Ted S. Warren  /  AP file
The Space Needle hovers above Seattle’s monorail tracks. The once-lauded public transit system, opened in 1962, has suffered from money, management issues.
updated 7/17/2005 3:45:37 PM ET 2005-07-17T19:45:37

When it first whooshed through the sky above crowds at the 1962 World’s Fair, the gleaming metallic car of Seattle’s monorail was lauded as the future of mass public transit.

More than 40 years later, the one-mile run is still the only train in town. And a series of management shake-ups and money problems have even some supporters wondering how an expanded monorail will get off the ground in this traffic-plagued city.

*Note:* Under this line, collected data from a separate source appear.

(* Let $k\ge 1$ be an integer and $q=2^{-1/k}$. Let $T_k$ be any binary prefix code for the finite set $\mathcal{A}_k=\{(i,j):0\le i,j<k\}$ that is optimal (minimizes $\sum_{(i,j)\in\mathcal{A}_k} q^{i+j}|T_k(i,j)|$) for the weights $w(i,j)=q^{i+j}$ (for $k=1$, $T_1$ assigns the empty word to the single symbol). Then the code $$C_k(i,j)=T_k(i\bmod k,\ j\bmod k)\cdot G_1(\lfloor i/k\rfloor)\cdot G_1(\lfloor j/k\rfloor),\qquad i,j\ge0,$$ where $\cdot$ denotes concatenation of binary strings and $G_1(n)$ is the unary codeword ($n$ ones followed by a zero), is an optimal prefix code for $\mathrm{TDGD}(q)$.
   Context: $\mathcal{A}=\{(i,j): i,j\in\mathbb{Z}_{\ge 0}\}$; $\mathrm{TDGD}(q)$ is the distribution $P(i,j)=(1-q)^2q^{i+j}$ on $\mathcal{A}$. A code is optimal for $\mathrm{TDGD}(q)$ if it minimizes the expected codeword length among all binary prefix codes for $\mathcal{A}$. *)

theory Defs
  imports "HOL-Analysis.Analysis" "HOL-Library.Sublist"
begin

definition prefix_code :: "'a set \<Rightarrow> ('a \<Rightarrow> bool list) \<Rightarrow> bool" where
  "prefix_code A c \<longleftrightarrow> (\<forall>x\<in>A. \<forall>y\<in>A. x \<noteq> y \<longrightarrow> \<not> prefix (c x) (c y))"

definition alphabet_k :: "nat \<Rightarrow> (nat \<times> nat) set" where
  "alphabet_k k = {0..<k} \<times> {0..<k}"

definition weighted_len_k :: "nat \<Rightarrow> real \<Rightarrow> (nat \<times> nat \<Rightarrow> bool list) \<Rightarrow> real" where
  "weighted_len_k k q c = (\<Sum>(i,j)\<in>alphabet_k k. q ^ (i + j) * real (length (c (i,j))))"
lemma reduce_on_zm_span_subset:
  assumes "0 < p" and "p dvd m" and "A \<subseteq> {..<n}"
  shows "reduce_on p A ` zm_span m n G \<subseteq>
           (\<lambda>h. reduce_on p A (\<lambda>a. \<Sum>g\<in>G. h g * g a)) ` (G \<rightarrow>\<^sub>E {0..<p})"
proof
  fix x assume "x \<in> reduce_on p A ` zm_span m n G"
  then obtain c where x: "x = reduce_on p A (\<lambda>k. if k < n then (\<Sum>g\<in>G. c g * g k) mod m else 0)"
    unfolding zm_span_def by auto
  define h where "h = restrict (\<lambda>g. c g mod p) G"
  have "[(\<Sum>g\<in>G. c g * g a) mod m = (\<Sum>g\<in>G. h g * g a)] (mod p)" for a
  proof -
    have "[(\<Sum>g\<in>G. c g * g a) mod m = (\<Sum>g\<in>G. c g * g a)] (mod p)"
      by (rule cong_dvd_modulus[OF _ \<open>p dvd m\<close>]) (simp add: cong_def)
    also have "[(\<Sum>g\<in>G. c g * g a) = (\<Sum>g\<in>G. h g * g a)] (mod p)"
      by (intro cong_sum cong_scalar_right) (simp add: h_def cong_def)
    finally show ?thesis .
  qed
  then have "x = reduce_on p A (\<lambda>a. \<Sum>g\<in>G. h g * g a)"
    using \<open>A \<subseteq> {..<n}\<close> by (auto simp: x reduce_on_def cong_def intro!: restrict_ext)
  moreover have "h \<in> G \<rightarrow>\<^sub>E {0..<p}"
    using \<open>0 < p\<close> by (auto simp: h_def)
  ultimately show "x \<in> (\<lambda>h. reduce_on p A (\<lambda>a. \<Sum>g\<in>G. h g * g a)) ` (G \<rightarrow>\<^sub>E {0..<p})"
    by blast
qed
(* Let $\mathbf{M}^*\in\mathbb{R}^{d_1\times d_2}$ have rank $r$, let $f(\mathbf{U},\mathbf{V})=\frac12\|\mathbf{U}\mathbf{V}^\top-\mathbf{M}^*\|_F^2$ for $\mathbf{U}\in\mathbb{R}^{d_1\times r}$, $\mathbf{V}\in\mathbb{R}^{d_2\times r}$, and let $\epsilon>0$. Suppose $(\mathbf{U},\mathbf{V})$ is a stationary point of $f$ such that $\|\mathbf{U}^\top\mathbf{U}-\mathbf{V}^\top\mathbf{V}\|_F\le\epsilon$. Then either $\|\mathbf{U}\mathbf{V}^\top-\mathbf{M}^*\|_F\le\epsilon$, or $(\mathbf{U},\mathbf{V})$ is a strict saddle point of $f$.
   Context: A stationary point is a point where the gradient of $f$ vanishes. A saddle point of $f$ is strict if the Hessian of $f$ at that point has a negative eigenvalue. $\|\cdot\|_F$ is the Frobenius norm. *)

theory Defs
  imports "HOL-Analysis.Analysis"
begin

definition frob_norm :: "real^'n^'m \<Rightarrow> real" where
  "frob_norm A = sqrt (\<Sum>i\<in>UNIV. \<Sum>j\<in>UNIV. (A $ i $ j)\<^sup>2)"

definition mf_obj :: "real^'d2^'d1 \<Rightarrow> ((real^'r^'d1) \<times> (real^'r^'d2)) \<Rightarrow> real" where
  "mf_obj M = (\<lambda>(U, V). (1/2) * (frob_norm (U ** transpose V - M))\<^sup>2)"

definition stationary_point :: "('a::euclidean_space \<Rightarrow> real) \<Rightarrow> 'a \<Rightarrow> bool" where
  "stationary_point f x \<longleftrightarrow> (f has_derivative (\<lambda>h. 0)) (at x)"
text \<open>For a generator J^{a,k} (state J^{a,k}_{-k-1}|0>), with field
  J^{a,k}(z) = \<Sum>_n J^{a,k}_n z^{-n-k-1} = \<Sum>_m (J^{a,k})_{(m)} z^{-m-1},
  the m-th product J^{a,k} \<circ>_m v is J^{a,k}_{m-k} v.
  Iterated products of generators from G (starting from the vacuum; note
  J^{a,k} = J^{a,k} \<circ>_{-1} |0>), represented by words.\<close>
inductive_set iter_prods :: "(lbl \<times> nat) set \<Rightarrow> sdel list set" for G where
  ip_vac: "[] \<in> iter_prods G"
| ip_step: "(a, k) \<in> G \<Longrightarrow> w \<in> iter_prods G \<Longrightarrow>
     mono_el (Jmode a k (m - int k)) # w \<in> iter_prods G"

definition generates_vac :: "complex \<Rightarrow> (lbl \<times> nat) set \<Rightarrow> bool" where
  "generates_vac c G \<longleftrightarrow>
     (\<forall>v \<in> cspan (range wd). v \<in> cspan (wd ` iter_prods G \<union> vac_ideal c))"

end

theory Submission
  imports Defs "HOL-Library.Function_Algebras"
begin

text \<open>Call x stable if prefixing x maps every iterated product of G into the span of the
  iterated products and the relation space L_c. As the empty word is an iterated product,
  G generates M_c once every x is stable. The commutator relations make the stable elements a
  subspace closed under the super bracket; it contains C, which acts by c, and every mode of a
  generator, since prefixing it to an iterated product gives another one. So it suffices to
  generate SD from the modes t^n M_a together with t^n D M_0 (for S), resp. t^n D M_+ and
  t^n D M_- (for T). Bracketing with t^n D M_0 multiplies the odd operators by D. The brackets
  [t^n q M_+, M_-] and [t M_+, t^(n-1) q M_-] are t^n (q M_0 + q M_1) and
  t^n (q M_0 + q(D+1) M_1), and their difference is an arbitrary t^n h M_1 because the forward
  difference q(D+1) - q(D) is onto. For T, t^n D M_0 is recovered from [t^m D M_+, D M_-].\<close>

section \<open>Linear spans and congruence modulo a span\<close>

lemma cspan_0: "0 \<in> cspan A"
  using cspan_zero by (simp add: zero_fun_def)

lemma cspan_plus: "x \<in> cspan A \<Longrightarrow> y \<in> cspan A \<Longrightarrow> x + y \<in> cspan A"
  using cspan_add by (simp add: plus_fun_def)

lemma cspan_const_mult: "x \<in> cspan A \<Longrightarrow> (\<lambda>_. k) * x \<in> cspan A"
  using cspan_scale by (simp add: times_fun_def)

lemma cspan_minus:
  assumes "x \<in> cspan A" "y \<in> cspan A" shows "x - y \<in> cspan A"
proof -
  have "x - y = x + (\<lambda>_. -1) * y" by (simp add: fun_eq_iff)
  then show ?thesis using assms by (metis cspan_plus cspan_const_mult)
qed
lemma posy_ratio_rel_approx:
  fixes x :: "'i \<Rightarrow> real^'n" and y :: "'i \<Rightarrow> real"
  assumes "distinct qs" "qs \<noteq> []" "0 < \<epsilon>"
    and "\<And>q. q \<in> set qs \<Longrightarrow> pos_vec (x q) \<and> 0 < y q"
    and "\<And>p q. p \<in> set qs \<Longrightarrow> q \<in> set qs \<Longrightarrow> x p = x q \<Longrightarrow> y p = y q"
  shows "\<exists>ps ps'. rational_gpos_rep 1 ps \<and> rational_gpos_rep 1 ps' \<and>
    (\<forall>p\<in>set qs. \<bar>(y p - posy_eval ps (x p) / posy_eval ps' (x p))
      / min (y p) (posy_eval ps (x p) / posy_eval ps' (x p))\<bar> \<le> \<epsilon>)"
proof -
  define \<eta> where "\<eta> v = \<epsilon> * v / (1 + \<epsilon>)" for v
  have "\<exists>g\<in>\<rat>. \<bar>exp g - v\<bar> < \<eta> v / 2" if "0 < v" for v
    using exp_rational_approx[OF that] assms(3) that by (simp add: \<eta>_def)
  then obtain g where g: "\<And>v. 0 < v \<Longrightarrow> g v \<in> \<rat> \<and> \<bar>exp (g v) - v\<bar> < \<eta> v / 2"
    by metis
  define c where "c q = exp (g (y q))" for q
  have "\<exists>ps ps'. rational_gpos_rep 1 ps \<and> rational_gpos_rep 1 ps' \<and>
      (\<forall>p\<in>set qs. \<bar>posy_eval ps (x p) / posy_eval ps' (x p) - c p\<bar> < \<eta> (y p) / 2)"
  proof (rule posy_ratio_abs_approx)
    show "0 < c q \<and> ln (c q) \<in> \<rat>" "0 < \<eta> (y q) / 2" if "q \<in> set qs" for q
      using g assms(3,4) that by (simp_all add: c_def \<eta>_def)
    show "c p = c q" if "p \<in> set qs" "q \<in> set qs" "x p = x q" for p q
      using assms(5)[OF that] by (simp add: c_def)
  qed (use assms(1,2,4) in auto)
  then obtain ps ps' where ps: "rational_gpos_rep 1 ps" "rational_gpos_rep 1 ps'"
    and approx: "\<And>p. p \<in> set qs \<Longrightarrow> \<bar>posy_eval ps (x p) / posy_eval ps' (x p) - c p\<bar> < \<eta> (y p) / 2"
    by blast
  have "\<bar>(y p - posy_eval ps (x p) / posy_eval ps' (x p))
      / min (y p) (posy_eval ps (x p) / posy_eval ps' (x p))\<bar> \<le> \<epsilon>" if "p \<in> set qs" for p
  proof (rule relative_error_le)
    have "\<bar>c p - y p\<bar> < \<eta> (y p) / 2"
      using g assms(4) that by (simp add: c_def)
    with approx[OF that] have "\<bar>y p - posy_eval ps (x p) / posy_eval ps' (x p)\<bar> \<le> \<eta> (y p)"
      by linarith
    then show "\<bar>y p - posy_eval ps (x p) / posy_eval ps' (x p)\<bar> \<le> \<epsilon> * y p / (1 + \<epsilon>)"
      by (simp add: \<eta>_def)
  qed (use assms(3,4) that in auto)
  with ps show ?thesis
    by blast
qed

If the project does sputter, it would be an ignoble end for an idea that Seattle voters have supported four times in the past decade.

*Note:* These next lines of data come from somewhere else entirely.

lemma free_group_carrier: "xs \<in> carrier (free_group n) \<longleftrightarrow> set xs \<subseteq> {..<n} \<times> UNIV \<and> reduced_word xs"
  and free_group_mult: "xs \<otimes>\<^bsub>free_group n\<^esub> ys = reduce_word (xs @ ys)"
  and free_group_one: "\<one>\<^bsub>free_group n\<^esub> = []"
  by (simp_all add: free_group_def)

lemma reduce_append: "reduce_word (xs @ ys) = foldr fw_cons xs (reduce_word ys)"
  by (simp add: reduce_word_def)

lemma group_free_group: "group (free_group n)"
proof (rule groupI)
  fix x y z
  assume x: "x \<in> carrier (free_group n)" and y: "y \<in> carrier (free_group n)"
    and z: "z \<in> carrier (free_group n)"
  show "x \<otimes>\<^bsub>free_group n\<^esub> y \<in> carrier (free_group n)"
    using x y set_reduce[of "x @ y"] by (auto simp: free_group_carrier free_group_mult reduced_reduce)
  have "reduce_word (reduce_word (x @ y) @ z) = foldr fw_cons (x @ y) (reduce_word z)"
    by (simp only: reduce_append[of "reduce_word (x @ y)"] foldr_fw_cons_reduce reduced_reduce)
  also have "\<dots> = foldr fw_cons x (foldr fw_cons y (reduce_word z))"
    by simp
  also have "\<dots> = foldr fw_cons x (reduce_word (y @ z))"
    by (simp add: reduce_append)
  also have "\<dots> = reduce_word (x @ reduce_word (y @ z))"
    by (simp only: reduce_append[of x] reduce_reduced[OF reduced_reduce])
  finally show "x \<otimes>\<^bsub>free_group n\<^esub> y \<otimes>\<^bsub>free_group n\<^esub> z
      = x \<otimes>\<^bsub>free_group n\<^esub> (y \<otimes>\<^bsub>free_group n\<^esub> z)"
    by (simp add: free_group_mult)
next
  fix x assume x: "x \<in> carrier (free_group n)"
  then have red: "reduced_word x" by (simp add: free_group_carrier)
  then show "\<one>\<^bsub>free_group n\<^esub> \<otimes>\<^bsub>free_group n\<^esub> x = x"
    by (simp add: free_group_one free_group_mult reduce_reduced)
  define y where "y = reduce_word (rev (map inv_letter x))"
  have "set (rev (map inv_letter x)) \<subseteq> {..<n} \<times> UNIV"
    using x by (auto simp: free_group_carrier inv_letter_def)
  then have y: "y \<in> carrier (free_group n)"
    using set_reduce[of "rev (map inv_letter x)"]
    by (auto simp: y_def free_group_carrier reduced_reduce)
  have "y \<otimes>\<^bsub>free_group n\<^esub> x = foldr fw_cons y x"
    by (simp add: free_group_mult reduce_append reduce_reduced[OF red])
  also have "\<dots> = foldr fw_cons (rev (map inv_letter x)) x"
    unfolding y_def by (rule foldr_fw_cons_reduce[OF red])
  also have "\<dots> = \<one>\<^bsub>free_group n\<^esub>"
    using foldr_fw_cons_cancel[of "[]" x] reduce_reduced[OF red]
    by (simp add: reduce_word_def free_group_one)
  finally have "y \<otimes>\<^bsub>free_group n\<^esub> x = \<one>\<^bsub>free_group n\<^esub>" .
  with y show "\<exists>y\<in>carrier (free_group n). y \<otimes>\<^bsub>free_group n\<^esub> x = \<one>\<^bsub>free_group n\<^esub>" by blast
qed (simp_all add: free_group_carrier free_group_one)

definition letter_exp :: "nat \<Rightarrow> letter \<Rightarrow> int" where
  "letter_exp j l = (if fst l = j then (if snd l then -1 else 1) else 0)"

definition exp_sum :: "nat \<Rightarrow> letter list \<Rightarrow> int" where
  "exp_sum j xs = sum_list (map (letter_exp j) xs)"

lemma exp_sum_Nil [simp]: "exp_sum j [] = 0"
  and exp_sum_Cons [simp]: "exp_sum j (l # xs) = letter_exp j l + exp_sum j xs"
  by (simp_all add: exp_sum_def)

lemma exp_sum_reduce: "exp_sum j (reduce_word xs) = exp_sum j xs"
proof -
  have "exp_sum j (foldr fw_cons xs ys) = exp_sum j xs + exp_sum j ys" for ys
    by (induction xs)
      (auto simp: fw_cons_def letter_exp_def inv_letter_def split: list.splits)
  then show ?thesis by (simp add: reduce_word_def)
qed

lemma exp_sum_hom: "group_hom (free_group n) integer_group (exp_sum j)"
proof -
  have "exp_sum j (xs @ ys) = exp_sum j xs + exp_sum j ys" for xs ys
    by (simp add: exp_sum_def)
  then have "exp_sum j \<in> hom (free_group n) integer_group"
    by (intro homI) (simp_all add: free_group_mult exp_sum_reduce)
  then show ?thesis
    by (simp add: group_hom_def group_hom_axioms_def group_free_group)
qed

lemma exp_sum_derived:
  assumes "w \<in> derived (free_group n) (carrier (free_group n))"
  shows "exp_sum j w = 0"
proof -
  interpret group_hom "free_group n" integer_group "exp_sum j" by (rule exp_sum_hom)
  have "exp_sum j ` derived (free_group n) (carrier (free_group n))
      = derived integer_group (exp_sum j ` carrier (free_group n))"
    by (simp add: derived_img)
  also have "\<dots> = {0}"
    using comm_group.derived_eq_singleton[OF abelian_integer_group] by simp
  finally show ?thesis using assms by blast
qed

definition letter_val :: "('a, 'b) monoid_scheme \<Rightarrow> (nat \<Rightarrow> 'a) \<Rightarrow> letter \<Rightarrow> 'a" where
  "letter_val G u l = (if snd l then inv\<^bsub>G\<^esub> (u (fst l)) else u (fst l))"

lemma eval_word_Nil [simp]: "eval_word G u [] = \<one>\<^bsub>G\<^esub>"
  and eval_word_Cons [simp]: "eval_word G u (l # w) = letter_val G u l \<otimes>\<^bsub>G\<^esub> eval_word G u w"
  by (simp_all add: eval_word_def letter_val_def split: prod.split)

(* Reidemeister-Schreier rewriting of a word relative to generator 0: reading the word at
   level a (an integer, taken modulo e), a letter of generator 0 changes the level by its
   exponent, and any other letter u_j^(+-1) becomes x_(a mod e),j^(+-1). *)
fun schreier_word :: "('a, 'b) monoid_scheme \<Rightarrow> nat \<Rightarrow> (nat \<Rightarrow> nat \<Rightarrow> 'a) \<Rightarrow> int \<Rightarrow> letter list \<Rightarrow> 'a" where
  "schreier_word G e x a [] = \<one>\<^bsub>G\<^esub>"
| "schreier_word G e x a (l # w) =
     (if fst l = 0 then schreier_word G e x (a + letter_exp 0 l) w
      else letter_val G (x (nat (a mod int e))) l \<otimes>\<^bsub>G\<^esub> schreier_word G e x a w)"

context group
begin

lemma inv_mult_cancel_left [simp]: "x \<in> carrier G \<Longrightarrow> y \<in> carrier G \<Longrightarrow> inv x \<otimes> (x \<otimes> y) = y"
  by (simp add: m_assoc[symmetric])

lemma conj_eq_one_iff: "c \<in> carrier G \<Longrightarrow> y \<in> carrier G \<Longrightarrow> c \<otimes> y \<otimes> inv c = \<one> \<longleftrightarrow> y = \<one>"
proof -
  assume c: "c \<in> carrier G" and y: "y \<in> carrier G"
  have "y = inv c \<otimes> (c \<otimes> y \<otimes> inv c) \<otimes> c" using c y by (simp add: m_assoc)
  then show ?thesis using c by auto
qed

lemma letter_val_closed: "u (fst l) \<in> carrier G \<Longrightarrow> letter_val G u l \<in> carrier G"
  by (simp add: letter_val_def)

lemma letter_val_conj:
  assumes "c \<in> carrier G" "u (fst l) \<in> carrier G"
  shows "c \<otimes> letter_val G u l \<otimes> inv c = letter_val G (\<lambda>j. c \<otimes> u j \<otimes> inv c) l"
  using assms by (simp add: letter_val_def inv_mult_group m_assoc)

lemma eval_word_closed:
  "(\<And>j. j \<in> fst ` set w \<Longrightarrow> u j \<in> carrier G) \<Longrightarrow> eval_word G u w \<in> carrier G"
  by (induction w) (auto simp: letter_val_closed)

lemma schreier_word_closed:
  assumes "0 < e" "\<And>a j. a < e \<Longrightarrow> j \<in> fst ` set w \<Longrightarrow> j \<noteq> 0 \<Longrightarrow> x a j \<in> carrier G"
  shows "schreier_word G e x a w \<in> carrier G"
  using assms(2)
proof (induction w arbitrary: a)
  case (Cons l w)
  have "nat (a mod int e) < e" using assms(1) by (simp add: nat_less_iff)
  then show ?case using Cons by (auto intro!: letter_val_closed)
qed simp

lemma schreier_word_conj:
  assumes e: "0 < e" and c: "c \<in> carrier G"
    and x: "\<And>a j. a < e \<Longrightarrow> j \<in> fst ` set w \<Longrightarrow> j \<noteq> 0 \<Longrightarrow> x a j \<in> carrier G"
    and x': "\<And>a j. a < e \<Longrightarrow> j \<in> fst ` set w \<Longrightarrow> j \<noteq> 0 \<Longrightarrow> x' a j = c \<otimes> x a j \<otimes> inv c"
  shows "schreier_word G e x' a w = c \<otimes> schreier_word G e x a w \<otimes> inv c"
  using x x'
proof (induction w arbitrary: a)
  case Nil
  then show ?case using c by simp
next
  case (Cons l w)
  have IH: "schreier_word G e x' b w = c \<otimes> schreier_word G e x b w \<otimes> inv c" for b
    using Cons by simp
  have rest: "schreier_word G e x a w \<in> carrier G"
    using schreier_word_closed[OF e] Cons.prems(1) by simp
  show ?case
  proof (cases "fst l = 0")
    case False
    define level where "level = nat (a mod int e)"
    have level: "level < e" using e by (simp add: level_def nat_less_iff)
    have xl: "x level (fst l) \<in> carrier G" using Cons.prems(1)[OF level] False by simp
    have "letter_val G (x' level) l = letter_val G (\<lambda>j. c \<otimes> x level j \<otimes> inv c) l"
      using Cons.prems(2)[OF level] False by (simp add: letter_val_def)
    also have "\<dots> = c \<otimes> letter_val G (x level) l \<otimes> inv c"
      using letter_val_conj[of c "x level" l, OF c xl] by simp
    finally show ?thesis
      using False IH c rest xl letter_val_closed[of "x level" l, OF xl]
      by (simp add: level_def m_assoc)
  qed (use IH in simp)
qed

“There’s always been a lot of questions about this project and basically all of the questions have come home to roost,” said City Councilman Richard Conlin, a self-described monorail skeptic. “A lot of people are saying, ’Forget it altogether.”’

The monorail has long been part of environmentally conscious Seattle’s shared dream for a new transit system. Many point to the World’s Fair, which also gave Seattle its trademark Space Needle, as the source of public desire for a slick, futuristic electric train that would clear cars from the street below.

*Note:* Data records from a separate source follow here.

(* Let $I=\{i_1<i_2<\cdots<i_{2r}\}\subseteq[n]$ be a subset of even size. Then the word \[ \prod_{m=1}^{r} s_n\,(s_{n-2}s_{n-3}\cdots s_{i_{2m-1}})\,(s_{n-1}s_{n-2}\cdots s_{i_{2m}}) \] (where a run $s_a s_{a-1}\cdots s_b$ is empty if $a<b$) is a reduced expression for the unique element $w\in W$ of minimal length among all $u\in W$ with $\{i\in[n]: u(i)>n\}=I$; this $w$ is the minimal length representative of its right coset $W_{[n-1]}w$. Moreover, this word is a subword of $s_{i'_1}s_{i'_2}\cdots s_{i'_N}$, where the $m$-th factor is taken from the $m$-th group of blocks of that word.
   Context: The Weyl group $W$ of $\mathrm{SO}(2n)$ is the group of permutations $\sigma$ of $[2n]$ such that for each $i\in[n]$, $\sigma(n+i)\equiv n+\sigma(i)\pmod{2n}$ (with values in $[2n]$), and $|\{i\in[n]:\sigma(i)>n\}|$ is even; composition is $(\sigma\tau)(j)=\sigma(\tau(j))$. It is generated by $s_i=(i,i+1)(n+i,n+i+1)$ for $1\le i\le n-1$ and $s_n=(n,2n-1)(n-1,2n)$; length is with respect to these generators. $W_{[n-1]}=\langle s_1,\dots,s_{n-1}\rangle$. For $N=\binom n2$, $(i'_1,\dots,i'_N)$ is the sequence obtained by concatenating, for $m=1,\dots,\lfloor n/2\rfloor$ (the $m$-th group), the blocks "$n$", "$n-2,n-3,\dots,2m-1$", "$n-1,n-2,\dots,2m$" (empty runs if start $<$ end); $s_{i'_1}\cdots s_{i'_N}$ is a reduced word for the minimal coset representative of the longest element. *)

theory Defs
  imports "HOL-Combinatorics.Combinatorics" "HOL-Library.Sublist"
begin

text \<open>Weyl group of SO(2n): permutations of {1..2n} (identity outside) with
  sigma(n+i) = n + sigma(i) mod 2n (values in [2n]) and an even number of i in [n]
  with sigma(i) > n.\<close>
definition inW :: "nat \<Rightarrow> (nat \<Rightarrow> nat) \<Rightarrow> bool" where
  "inW n \<sigma> \<longleftrightarrow> \<sigma> permutes {1..2*n}
     \<and> (\<forall>i\<in>{1..n}. \<sigma> (n+i) = (if \<sigma> i \<le> n then \<sigma> i + n else \<sigma> i - n))
     \<and> even (card {i\<in>{1..n}. \<sigma> i > n})"

definition negset :: "nat \<Rightarrow> (nat \<Rightarrow> nat) \<Rightarrow> nat set" where
  "negset n u = {i\<in>{1..n}. u i > n}"

definition gen :: "nat \<Rightarrow> nat \<Rightarrow> (nat \<Rightarrow> nat)" where
  "gen n i = (if i = n then transpose n (2*n-1) \<circ> transpose (n-1) (2*n)
              else transpose i (i+1) \<circ> transpose (n+i) (n+i+1))"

“Somehow, you’d be able to go wherever you want, whenever you want, and it would be cheap and easy and that sort of thing. It’s a vision,” Conlin said.

The city’s tree-fringed waterside vistas and looming snowcapped mountains also make an elevated train an attractive option, said Peter Sherwin, a monorail activist.

“Seattle is a fabulously beautiful place,” he said. “The ride on this monorail ... the awesome views that you would get at sunset or sunrise or any other time of day, for that matter, would be beautiful.”

The project’s cloudy future springs from a dire financial picture and a highly criticized borrowing plan that prompted the resignations of the city monorail board’s chairman and executive director days after fellow board members rejected it.

The plan was released late last month after negotiations with the Cascadia Monorail Co., a consortium of 29 companies that would design, build, operate and maintain the line. It would have paid more than $9 billion in interest on low-grade bonds, more than four times the project’s estimated cost.

Critics said discussions between the monorail board and Cascadia — the only bidder — were too secretive, and some are now calling for the project to face a new round of bids. Cascadia’s current offer lapses in mid-December.

If it can’t develop a satisfactory alternative, the board will need to cut costs or raise more money, which could require another citywide vote.

At a recent public meeting, board members heard some words of encouragement along with heavy criticism from opponents and city residents.

Jo Hill, who lives in the city’s Crown Hill neighborhood, chastised officials for failing to live within their budget or deliver the promised 14-mile Green Line. “The time has come to give us what we voted for at the advertised price, or stop the bleeding, pay what we owe and stop the current folly,” she said.

Kristina Hill, the board’s vice chairwoman, says she’s leery of voter fatigue over the project. And while the board considers all options “on the table,” it also believes it can find a solution that fits with its current construction proposal, Hill said.

“I think that just starting from scratch would be a mistake,” she said.

Sherwin, who has been co-chairman of the city’s past two monorail campaigns, said financial supporters and campaigners also are growing tired of trotting out the same message.

“There’s a certain tiredness to the campaigning, over and over,” he said. “I can’t take it anymore. It’s the same conversation, it’s six years of the same stuff.”

However, Ben Schiendelman, who also attended the public hearing, said Seattle residents still support the idea of a monorail because they’re desperate for something to ease their traffic woes. A study of 2003 traffic figures by the Texas Transportation Institute ranked Seattle tied with Detroit for the nation’s 12th worst congestion during peak driving times.

Given any number of trains, subways or buses to choose from, “I think most people would say ’I don’t care. Just get it done,”’ Schiendelman said.